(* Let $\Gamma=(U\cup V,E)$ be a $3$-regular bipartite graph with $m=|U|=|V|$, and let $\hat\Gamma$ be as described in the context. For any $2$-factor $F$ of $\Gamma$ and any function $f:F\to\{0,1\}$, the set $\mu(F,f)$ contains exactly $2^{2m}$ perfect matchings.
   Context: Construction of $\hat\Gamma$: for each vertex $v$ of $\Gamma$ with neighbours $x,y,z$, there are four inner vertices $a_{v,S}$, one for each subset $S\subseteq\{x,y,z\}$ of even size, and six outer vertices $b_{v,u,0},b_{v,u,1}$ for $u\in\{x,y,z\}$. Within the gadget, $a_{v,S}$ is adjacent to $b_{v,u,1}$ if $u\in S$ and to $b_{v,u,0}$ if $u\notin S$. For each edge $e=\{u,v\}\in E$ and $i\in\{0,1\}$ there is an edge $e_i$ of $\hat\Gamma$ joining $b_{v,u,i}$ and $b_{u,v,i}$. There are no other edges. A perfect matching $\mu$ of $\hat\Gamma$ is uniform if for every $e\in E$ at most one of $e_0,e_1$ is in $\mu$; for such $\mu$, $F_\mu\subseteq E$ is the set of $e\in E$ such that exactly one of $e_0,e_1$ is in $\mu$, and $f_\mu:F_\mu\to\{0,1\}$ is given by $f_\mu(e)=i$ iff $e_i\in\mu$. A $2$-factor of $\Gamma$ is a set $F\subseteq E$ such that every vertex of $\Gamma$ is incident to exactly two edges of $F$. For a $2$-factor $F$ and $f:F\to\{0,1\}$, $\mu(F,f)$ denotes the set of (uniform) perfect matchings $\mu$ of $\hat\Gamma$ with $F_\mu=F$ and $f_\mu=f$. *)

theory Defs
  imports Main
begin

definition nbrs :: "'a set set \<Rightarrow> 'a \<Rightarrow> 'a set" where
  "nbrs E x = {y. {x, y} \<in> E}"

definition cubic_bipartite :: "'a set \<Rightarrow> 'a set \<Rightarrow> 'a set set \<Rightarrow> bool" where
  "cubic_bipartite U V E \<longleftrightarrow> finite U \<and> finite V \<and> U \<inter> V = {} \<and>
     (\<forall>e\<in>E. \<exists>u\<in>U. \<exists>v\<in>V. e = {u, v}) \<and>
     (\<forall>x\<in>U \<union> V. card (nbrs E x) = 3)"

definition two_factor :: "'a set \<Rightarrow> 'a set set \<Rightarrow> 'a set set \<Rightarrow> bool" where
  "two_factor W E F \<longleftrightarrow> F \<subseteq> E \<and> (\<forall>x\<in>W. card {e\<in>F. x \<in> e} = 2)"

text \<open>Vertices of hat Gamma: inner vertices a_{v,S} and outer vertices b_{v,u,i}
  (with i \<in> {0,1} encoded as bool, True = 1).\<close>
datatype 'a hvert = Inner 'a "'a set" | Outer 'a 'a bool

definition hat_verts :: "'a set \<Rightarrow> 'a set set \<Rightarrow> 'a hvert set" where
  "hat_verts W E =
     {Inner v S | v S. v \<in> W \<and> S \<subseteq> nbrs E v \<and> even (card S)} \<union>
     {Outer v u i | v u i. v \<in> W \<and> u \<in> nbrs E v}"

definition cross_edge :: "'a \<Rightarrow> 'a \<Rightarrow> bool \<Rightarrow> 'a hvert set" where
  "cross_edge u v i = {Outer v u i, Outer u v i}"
------
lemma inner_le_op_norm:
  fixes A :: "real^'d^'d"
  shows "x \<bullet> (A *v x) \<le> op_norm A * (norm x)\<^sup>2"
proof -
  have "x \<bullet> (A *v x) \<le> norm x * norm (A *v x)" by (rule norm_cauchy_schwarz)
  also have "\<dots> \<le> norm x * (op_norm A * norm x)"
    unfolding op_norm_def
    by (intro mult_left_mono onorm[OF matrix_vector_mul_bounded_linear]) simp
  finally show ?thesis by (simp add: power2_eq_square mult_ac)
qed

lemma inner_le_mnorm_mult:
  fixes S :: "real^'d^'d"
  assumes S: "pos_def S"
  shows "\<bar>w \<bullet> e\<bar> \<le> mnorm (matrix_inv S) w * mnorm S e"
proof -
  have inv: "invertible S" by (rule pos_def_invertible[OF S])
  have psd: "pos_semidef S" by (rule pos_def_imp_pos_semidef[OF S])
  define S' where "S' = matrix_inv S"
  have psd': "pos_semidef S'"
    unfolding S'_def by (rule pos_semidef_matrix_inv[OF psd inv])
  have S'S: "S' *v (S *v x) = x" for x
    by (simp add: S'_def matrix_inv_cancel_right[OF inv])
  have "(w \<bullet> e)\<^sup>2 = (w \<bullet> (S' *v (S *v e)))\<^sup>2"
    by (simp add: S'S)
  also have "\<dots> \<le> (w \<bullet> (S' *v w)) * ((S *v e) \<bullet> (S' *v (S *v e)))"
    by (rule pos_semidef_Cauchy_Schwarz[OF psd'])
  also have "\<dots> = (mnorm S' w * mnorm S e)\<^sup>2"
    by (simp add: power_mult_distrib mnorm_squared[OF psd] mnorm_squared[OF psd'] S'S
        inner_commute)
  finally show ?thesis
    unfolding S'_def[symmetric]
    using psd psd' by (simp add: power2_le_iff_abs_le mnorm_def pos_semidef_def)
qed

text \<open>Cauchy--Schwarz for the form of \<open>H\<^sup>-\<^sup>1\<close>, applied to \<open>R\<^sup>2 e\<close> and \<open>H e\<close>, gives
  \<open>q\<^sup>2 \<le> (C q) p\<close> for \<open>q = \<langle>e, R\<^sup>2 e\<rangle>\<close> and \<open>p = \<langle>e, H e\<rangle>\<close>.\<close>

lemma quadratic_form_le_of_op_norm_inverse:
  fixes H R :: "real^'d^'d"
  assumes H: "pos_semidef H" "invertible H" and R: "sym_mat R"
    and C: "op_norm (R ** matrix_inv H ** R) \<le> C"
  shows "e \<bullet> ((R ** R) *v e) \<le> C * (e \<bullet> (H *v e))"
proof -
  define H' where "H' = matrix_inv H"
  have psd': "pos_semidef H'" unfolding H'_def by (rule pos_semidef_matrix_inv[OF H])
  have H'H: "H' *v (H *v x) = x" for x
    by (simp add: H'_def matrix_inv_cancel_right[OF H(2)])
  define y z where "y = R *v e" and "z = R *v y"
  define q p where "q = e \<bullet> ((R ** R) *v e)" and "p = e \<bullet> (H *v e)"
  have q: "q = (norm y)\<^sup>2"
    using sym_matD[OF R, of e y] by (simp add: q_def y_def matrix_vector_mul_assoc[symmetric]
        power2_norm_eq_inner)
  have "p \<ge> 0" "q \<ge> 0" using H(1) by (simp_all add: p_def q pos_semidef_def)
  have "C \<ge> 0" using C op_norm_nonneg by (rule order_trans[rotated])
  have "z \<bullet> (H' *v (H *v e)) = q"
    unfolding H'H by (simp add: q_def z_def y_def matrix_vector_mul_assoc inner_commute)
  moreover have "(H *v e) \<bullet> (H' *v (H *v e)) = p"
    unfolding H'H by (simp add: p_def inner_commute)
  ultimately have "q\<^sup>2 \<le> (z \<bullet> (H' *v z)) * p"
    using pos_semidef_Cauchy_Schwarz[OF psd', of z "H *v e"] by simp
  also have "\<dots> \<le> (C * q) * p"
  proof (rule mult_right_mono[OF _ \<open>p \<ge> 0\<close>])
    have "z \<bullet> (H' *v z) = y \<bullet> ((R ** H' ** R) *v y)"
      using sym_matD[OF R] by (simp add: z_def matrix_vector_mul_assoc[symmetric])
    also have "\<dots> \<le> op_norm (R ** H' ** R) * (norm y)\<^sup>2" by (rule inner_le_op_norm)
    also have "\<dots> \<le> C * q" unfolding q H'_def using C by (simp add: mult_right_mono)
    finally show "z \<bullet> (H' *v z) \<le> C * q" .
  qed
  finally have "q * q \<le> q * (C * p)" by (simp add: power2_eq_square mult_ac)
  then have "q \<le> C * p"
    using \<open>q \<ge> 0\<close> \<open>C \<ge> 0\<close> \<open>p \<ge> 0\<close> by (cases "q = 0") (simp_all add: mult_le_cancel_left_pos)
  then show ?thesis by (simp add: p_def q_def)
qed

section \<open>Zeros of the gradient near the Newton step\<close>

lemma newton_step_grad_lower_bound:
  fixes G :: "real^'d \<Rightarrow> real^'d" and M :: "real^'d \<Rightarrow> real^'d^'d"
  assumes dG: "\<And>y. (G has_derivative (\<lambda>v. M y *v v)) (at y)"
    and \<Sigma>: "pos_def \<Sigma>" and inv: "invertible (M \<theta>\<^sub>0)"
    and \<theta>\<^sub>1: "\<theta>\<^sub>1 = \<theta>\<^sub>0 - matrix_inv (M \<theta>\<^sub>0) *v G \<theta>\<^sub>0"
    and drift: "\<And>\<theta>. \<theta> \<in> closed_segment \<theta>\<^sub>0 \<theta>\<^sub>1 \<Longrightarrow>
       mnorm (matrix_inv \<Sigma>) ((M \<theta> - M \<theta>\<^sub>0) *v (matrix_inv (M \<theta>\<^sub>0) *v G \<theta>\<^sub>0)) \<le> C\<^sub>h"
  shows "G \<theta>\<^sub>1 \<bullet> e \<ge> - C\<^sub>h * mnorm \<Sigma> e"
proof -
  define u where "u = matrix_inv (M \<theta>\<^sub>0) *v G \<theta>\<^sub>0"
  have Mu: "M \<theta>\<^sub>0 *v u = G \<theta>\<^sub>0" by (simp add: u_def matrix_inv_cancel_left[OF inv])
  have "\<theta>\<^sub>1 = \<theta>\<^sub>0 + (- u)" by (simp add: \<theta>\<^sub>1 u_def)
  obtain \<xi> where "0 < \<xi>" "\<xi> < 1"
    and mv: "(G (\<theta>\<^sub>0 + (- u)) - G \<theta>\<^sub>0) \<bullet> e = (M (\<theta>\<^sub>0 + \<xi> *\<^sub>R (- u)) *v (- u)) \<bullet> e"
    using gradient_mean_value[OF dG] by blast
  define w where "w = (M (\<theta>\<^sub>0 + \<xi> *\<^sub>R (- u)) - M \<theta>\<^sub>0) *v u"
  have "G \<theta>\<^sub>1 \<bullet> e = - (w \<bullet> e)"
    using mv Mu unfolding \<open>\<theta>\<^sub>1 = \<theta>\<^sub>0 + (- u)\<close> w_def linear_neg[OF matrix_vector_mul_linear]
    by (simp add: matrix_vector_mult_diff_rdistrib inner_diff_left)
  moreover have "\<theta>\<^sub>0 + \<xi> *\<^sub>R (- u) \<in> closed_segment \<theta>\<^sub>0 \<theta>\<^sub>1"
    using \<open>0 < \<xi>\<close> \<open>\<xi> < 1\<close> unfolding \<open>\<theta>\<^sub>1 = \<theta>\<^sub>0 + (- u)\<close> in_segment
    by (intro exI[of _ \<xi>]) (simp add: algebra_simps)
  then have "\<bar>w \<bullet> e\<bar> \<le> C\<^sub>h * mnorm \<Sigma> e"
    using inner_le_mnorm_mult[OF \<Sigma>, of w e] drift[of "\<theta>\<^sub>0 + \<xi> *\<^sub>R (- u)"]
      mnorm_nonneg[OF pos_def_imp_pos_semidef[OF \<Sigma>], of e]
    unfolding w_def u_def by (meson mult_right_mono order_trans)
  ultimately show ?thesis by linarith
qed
------
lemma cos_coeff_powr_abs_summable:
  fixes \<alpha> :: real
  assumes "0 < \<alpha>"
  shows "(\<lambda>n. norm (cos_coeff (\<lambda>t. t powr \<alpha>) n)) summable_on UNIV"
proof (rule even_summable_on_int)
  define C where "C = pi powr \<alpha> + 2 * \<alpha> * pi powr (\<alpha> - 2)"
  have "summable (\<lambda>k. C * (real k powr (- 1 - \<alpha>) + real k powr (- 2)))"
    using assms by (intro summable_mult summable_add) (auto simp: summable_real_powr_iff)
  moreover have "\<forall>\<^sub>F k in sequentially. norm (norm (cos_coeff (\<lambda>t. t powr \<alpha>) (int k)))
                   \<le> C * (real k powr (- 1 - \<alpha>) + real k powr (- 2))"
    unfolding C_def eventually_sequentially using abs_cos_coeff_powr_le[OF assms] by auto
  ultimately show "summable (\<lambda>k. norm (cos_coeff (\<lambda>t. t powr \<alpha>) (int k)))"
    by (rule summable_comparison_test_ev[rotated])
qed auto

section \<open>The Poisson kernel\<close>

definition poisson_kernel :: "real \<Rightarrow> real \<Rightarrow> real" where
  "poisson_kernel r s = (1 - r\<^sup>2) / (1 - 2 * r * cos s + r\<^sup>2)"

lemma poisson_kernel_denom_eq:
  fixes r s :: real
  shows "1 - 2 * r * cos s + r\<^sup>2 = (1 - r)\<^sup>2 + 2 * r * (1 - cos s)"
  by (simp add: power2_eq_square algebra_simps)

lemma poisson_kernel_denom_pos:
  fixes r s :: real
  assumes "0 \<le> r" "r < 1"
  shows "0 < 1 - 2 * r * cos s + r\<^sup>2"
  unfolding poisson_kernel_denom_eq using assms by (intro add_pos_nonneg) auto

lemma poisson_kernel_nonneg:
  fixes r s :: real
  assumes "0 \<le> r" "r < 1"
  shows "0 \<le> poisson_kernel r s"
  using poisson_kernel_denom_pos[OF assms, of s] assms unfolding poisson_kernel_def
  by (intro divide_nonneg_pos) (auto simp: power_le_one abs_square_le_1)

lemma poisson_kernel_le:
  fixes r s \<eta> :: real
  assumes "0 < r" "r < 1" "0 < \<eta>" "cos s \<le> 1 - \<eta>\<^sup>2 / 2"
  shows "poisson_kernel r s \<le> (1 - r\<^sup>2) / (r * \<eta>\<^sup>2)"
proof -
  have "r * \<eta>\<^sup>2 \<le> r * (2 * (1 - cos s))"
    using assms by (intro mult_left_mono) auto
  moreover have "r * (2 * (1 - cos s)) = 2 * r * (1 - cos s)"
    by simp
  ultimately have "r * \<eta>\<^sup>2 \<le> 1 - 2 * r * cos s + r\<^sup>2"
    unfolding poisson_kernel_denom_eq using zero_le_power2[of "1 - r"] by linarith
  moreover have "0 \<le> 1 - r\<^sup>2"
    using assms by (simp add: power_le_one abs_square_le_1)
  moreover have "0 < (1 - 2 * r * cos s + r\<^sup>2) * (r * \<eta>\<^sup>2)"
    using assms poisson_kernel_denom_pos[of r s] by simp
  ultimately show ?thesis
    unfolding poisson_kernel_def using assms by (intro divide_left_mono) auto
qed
------
EXERCISE DIRECTIONS: Filtering the entries above by the word "union", copy each line that matches.

TASK OUTPUT:
     (\<forall>x\<in>U \<union> V. card (nbrs E x) = 3)"
     {Inner v S | v S. v \<in> W \<and> S \<subseteq> nbrs E v \<and> even (card S)} \<union>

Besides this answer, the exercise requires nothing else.